Exercise brief: Return, from the data that follows, each line that holds the word "induction".

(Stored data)
= Beginning of Section =
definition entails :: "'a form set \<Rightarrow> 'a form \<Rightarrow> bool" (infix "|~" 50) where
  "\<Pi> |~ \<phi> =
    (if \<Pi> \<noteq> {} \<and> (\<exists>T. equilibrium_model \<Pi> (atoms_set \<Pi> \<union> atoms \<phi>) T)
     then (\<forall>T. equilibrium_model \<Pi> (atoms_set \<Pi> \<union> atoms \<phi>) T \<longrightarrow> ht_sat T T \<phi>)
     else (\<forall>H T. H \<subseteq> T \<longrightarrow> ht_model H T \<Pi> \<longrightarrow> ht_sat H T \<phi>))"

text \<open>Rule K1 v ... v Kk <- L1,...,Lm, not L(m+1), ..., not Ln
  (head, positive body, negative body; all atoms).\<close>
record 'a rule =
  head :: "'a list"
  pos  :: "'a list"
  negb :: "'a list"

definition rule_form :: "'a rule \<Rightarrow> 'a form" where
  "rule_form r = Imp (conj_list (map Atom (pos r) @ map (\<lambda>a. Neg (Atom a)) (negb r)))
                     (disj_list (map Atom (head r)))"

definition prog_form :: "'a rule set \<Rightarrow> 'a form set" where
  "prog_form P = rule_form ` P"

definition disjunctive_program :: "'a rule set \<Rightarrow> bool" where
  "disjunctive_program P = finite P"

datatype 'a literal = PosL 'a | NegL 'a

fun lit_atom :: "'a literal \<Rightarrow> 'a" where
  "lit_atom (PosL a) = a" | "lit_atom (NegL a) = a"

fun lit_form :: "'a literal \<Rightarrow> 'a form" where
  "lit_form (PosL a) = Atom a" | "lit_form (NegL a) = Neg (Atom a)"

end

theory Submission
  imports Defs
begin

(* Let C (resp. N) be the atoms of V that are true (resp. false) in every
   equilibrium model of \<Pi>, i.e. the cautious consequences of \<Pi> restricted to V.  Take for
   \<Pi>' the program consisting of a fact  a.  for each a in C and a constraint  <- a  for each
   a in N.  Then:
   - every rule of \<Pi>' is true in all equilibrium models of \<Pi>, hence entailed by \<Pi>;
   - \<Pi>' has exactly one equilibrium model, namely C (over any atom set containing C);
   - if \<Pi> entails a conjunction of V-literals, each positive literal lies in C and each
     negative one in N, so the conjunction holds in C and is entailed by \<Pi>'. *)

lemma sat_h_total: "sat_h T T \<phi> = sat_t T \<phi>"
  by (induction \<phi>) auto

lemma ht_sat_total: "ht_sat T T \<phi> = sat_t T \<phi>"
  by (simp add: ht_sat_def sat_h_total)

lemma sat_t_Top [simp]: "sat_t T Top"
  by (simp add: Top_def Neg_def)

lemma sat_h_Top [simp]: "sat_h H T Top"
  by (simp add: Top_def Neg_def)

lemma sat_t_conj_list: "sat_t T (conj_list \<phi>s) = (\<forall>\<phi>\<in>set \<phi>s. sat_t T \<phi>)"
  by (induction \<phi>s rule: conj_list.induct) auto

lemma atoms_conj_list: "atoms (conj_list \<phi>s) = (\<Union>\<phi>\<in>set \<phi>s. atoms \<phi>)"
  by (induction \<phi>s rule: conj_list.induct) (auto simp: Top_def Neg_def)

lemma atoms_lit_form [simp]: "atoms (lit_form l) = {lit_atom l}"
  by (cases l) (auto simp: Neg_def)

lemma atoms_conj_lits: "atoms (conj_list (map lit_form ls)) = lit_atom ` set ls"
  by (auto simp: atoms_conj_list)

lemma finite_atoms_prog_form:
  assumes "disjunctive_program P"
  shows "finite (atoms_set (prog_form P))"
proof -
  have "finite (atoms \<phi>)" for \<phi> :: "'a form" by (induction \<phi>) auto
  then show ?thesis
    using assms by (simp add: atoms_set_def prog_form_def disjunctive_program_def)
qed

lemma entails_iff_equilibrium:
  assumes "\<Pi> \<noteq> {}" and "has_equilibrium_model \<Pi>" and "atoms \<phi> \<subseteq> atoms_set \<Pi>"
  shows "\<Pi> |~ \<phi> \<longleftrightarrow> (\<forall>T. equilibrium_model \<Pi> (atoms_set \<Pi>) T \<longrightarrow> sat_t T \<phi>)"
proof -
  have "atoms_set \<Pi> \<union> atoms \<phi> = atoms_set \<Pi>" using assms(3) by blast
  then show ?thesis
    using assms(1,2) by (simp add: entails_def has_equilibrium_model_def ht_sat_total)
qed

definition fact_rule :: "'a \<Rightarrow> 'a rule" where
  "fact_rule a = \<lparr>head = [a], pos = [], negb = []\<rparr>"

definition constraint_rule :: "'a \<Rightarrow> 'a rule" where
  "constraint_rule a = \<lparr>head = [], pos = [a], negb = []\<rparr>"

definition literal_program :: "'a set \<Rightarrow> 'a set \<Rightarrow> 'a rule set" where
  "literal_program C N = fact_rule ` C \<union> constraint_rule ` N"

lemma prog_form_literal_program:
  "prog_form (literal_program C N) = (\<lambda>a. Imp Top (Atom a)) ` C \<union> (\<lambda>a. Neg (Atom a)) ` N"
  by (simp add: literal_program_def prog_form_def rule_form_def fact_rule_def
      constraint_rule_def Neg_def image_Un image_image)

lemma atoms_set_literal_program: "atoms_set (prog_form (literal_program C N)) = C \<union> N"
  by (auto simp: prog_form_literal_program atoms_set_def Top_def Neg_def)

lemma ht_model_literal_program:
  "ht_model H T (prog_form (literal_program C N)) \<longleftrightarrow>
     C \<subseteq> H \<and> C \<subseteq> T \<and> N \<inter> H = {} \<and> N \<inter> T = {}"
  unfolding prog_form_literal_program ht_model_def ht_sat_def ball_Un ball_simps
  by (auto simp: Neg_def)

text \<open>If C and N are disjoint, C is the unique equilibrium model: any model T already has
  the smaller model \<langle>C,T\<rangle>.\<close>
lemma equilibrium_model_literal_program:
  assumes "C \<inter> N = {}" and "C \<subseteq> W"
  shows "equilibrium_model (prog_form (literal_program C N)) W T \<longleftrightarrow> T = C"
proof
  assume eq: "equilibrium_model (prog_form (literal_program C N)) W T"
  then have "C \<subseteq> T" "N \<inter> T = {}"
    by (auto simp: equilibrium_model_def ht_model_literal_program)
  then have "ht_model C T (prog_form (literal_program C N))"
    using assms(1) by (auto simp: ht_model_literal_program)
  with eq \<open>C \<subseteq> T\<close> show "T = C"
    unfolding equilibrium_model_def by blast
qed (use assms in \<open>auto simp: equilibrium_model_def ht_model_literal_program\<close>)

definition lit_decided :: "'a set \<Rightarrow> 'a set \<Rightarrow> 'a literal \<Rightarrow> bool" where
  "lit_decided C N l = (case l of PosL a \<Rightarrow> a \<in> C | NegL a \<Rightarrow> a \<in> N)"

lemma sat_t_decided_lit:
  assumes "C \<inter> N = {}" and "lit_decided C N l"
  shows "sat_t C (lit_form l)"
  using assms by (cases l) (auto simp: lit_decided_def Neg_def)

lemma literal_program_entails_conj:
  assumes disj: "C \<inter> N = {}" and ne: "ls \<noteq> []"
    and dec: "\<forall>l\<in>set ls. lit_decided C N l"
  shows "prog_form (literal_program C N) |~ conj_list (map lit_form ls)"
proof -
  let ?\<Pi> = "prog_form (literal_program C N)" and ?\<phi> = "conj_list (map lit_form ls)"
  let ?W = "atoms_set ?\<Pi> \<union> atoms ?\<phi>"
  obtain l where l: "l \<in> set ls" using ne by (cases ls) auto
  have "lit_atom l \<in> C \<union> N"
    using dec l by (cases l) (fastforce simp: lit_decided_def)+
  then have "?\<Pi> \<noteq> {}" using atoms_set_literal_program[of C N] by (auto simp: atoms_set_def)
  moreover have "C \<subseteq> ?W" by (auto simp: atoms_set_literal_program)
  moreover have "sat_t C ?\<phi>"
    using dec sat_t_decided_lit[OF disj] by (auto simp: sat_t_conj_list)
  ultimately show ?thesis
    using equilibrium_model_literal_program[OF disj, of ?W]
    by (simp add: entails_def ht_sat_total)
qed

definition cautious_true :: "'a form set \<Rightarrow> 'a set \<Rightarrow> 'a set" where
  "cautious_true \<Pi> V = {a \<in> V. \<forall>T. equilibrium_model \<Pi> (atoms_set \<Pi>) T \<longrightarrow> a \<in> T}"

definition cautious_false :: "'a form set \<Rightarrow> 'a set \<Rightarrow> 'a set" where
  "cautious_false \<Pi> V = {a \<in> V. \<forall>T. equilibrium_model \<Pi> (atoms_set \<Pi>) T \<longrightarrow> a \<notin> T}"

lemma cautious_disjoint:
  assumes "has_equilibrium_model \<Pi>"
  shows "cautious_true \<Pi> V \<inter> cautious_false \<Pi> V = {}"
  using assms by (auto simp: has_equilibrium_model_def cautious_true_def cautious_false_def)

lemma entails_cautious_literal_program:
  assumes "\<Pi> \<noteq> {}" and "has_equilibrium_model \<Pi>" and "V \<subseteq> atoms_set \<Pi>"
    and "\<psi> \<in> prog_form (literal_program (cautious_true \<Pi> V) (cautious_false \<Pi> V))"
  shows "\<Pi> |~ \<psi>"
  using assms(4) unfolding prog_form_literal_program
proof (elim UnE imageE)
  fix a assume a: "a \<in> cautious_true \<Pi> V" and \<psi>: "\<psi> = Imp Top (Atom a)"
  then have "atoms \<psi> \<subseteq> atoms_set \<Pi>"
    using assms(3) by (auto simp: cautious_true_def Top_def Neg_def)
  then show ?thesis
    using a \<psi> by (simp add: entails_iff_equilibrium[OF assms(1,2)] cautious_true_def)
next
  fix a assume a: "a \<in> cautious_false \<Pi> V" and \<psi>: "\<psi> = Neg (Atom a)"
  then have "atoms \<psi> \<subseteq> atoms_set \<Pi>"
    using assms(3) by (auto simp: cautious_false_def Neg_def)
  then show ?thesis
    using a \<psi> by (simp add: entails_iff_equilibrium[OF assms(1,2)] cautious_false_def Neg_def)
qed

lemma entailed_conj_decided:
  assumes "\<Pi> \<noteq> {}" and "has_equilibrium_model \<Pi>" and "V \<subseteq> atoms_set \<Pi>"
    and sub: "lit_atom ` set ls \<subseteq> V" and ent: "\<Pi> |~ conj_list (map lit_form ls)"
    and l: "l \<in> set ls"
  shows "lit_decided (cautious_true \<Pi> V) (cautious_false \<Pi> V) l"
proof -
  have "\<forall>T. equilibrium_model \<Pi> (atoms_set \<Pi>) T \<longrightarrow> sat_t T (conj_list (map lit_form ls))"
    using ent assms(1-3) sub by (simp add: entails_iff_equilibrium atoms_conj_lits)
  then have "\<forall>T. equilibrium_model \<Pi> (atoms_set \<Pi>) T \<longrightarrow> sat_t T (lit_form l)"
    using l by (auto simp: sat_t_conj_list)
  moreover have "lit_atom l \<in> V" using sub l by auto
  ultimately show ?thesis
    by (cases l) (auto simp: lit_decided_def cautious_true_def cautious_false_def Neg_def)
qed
= End of Section =
= Beginning of Section =
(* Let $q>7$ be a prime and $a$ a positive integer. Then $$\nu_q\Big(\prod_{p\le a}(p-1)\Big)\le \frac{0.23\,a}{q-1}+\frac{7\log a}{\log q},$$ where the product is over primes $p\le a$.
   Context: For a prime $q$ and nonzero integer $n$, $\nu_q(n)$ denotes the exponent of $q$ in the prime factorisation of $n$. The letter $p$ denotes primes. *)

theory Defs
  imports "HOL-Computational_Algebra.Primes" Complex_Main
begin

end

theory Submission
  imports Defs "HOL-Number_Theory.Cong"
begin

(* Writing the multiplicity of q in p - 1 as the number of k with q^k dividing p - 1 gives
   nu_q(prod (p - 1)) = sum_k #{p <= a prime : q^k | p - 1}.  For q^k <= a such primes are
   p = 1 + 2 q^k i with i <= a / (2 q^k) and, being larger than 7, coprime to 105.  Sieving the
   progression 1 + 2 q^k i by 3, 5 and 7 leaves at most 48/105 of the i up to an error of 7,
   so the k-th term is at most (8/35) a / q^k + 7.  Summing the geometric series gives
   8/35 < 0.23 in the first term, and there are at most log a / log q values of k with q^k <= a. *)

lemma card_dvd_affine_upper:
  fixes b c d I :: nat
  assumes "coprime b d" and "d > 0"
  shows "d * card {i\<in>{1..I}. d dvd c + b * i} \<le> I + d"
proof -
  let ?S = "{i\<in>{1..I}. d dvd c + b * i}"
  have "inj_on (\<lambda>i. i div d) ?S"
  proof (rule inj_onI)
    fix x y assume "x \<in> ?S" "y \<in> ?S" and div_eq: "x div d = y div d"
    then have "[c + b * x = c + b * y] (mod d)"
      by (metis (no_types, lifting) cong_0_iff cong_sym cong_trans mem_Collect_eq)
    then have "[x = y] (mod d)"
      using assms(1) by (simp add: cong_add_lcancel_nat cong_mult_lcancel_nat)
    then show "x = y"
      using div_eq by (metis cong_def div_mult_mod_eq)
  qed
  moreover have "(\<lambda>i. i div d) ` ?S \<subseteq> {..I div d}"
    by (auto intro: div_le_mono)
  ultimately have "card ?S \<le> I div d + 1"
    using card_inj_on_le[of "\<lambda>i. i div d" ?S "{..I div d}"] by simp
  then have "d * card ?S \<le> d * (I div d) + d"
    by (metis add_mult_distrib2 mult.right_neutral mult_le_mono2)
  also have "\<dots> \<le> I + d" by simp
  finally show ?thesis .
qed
= End of Section =
Output for this exercise:
  by (induction \<phi>) auto
  by (induction \<phi>s rule: conj_list.induct) auto
  by (induction \<phi>s rule: conj_list.induct) (auto simp: Top_def Neg_def)
  have "finite (atoms \<phi>)" for \<phi> :: "'a form" by (induction \<phi>) auto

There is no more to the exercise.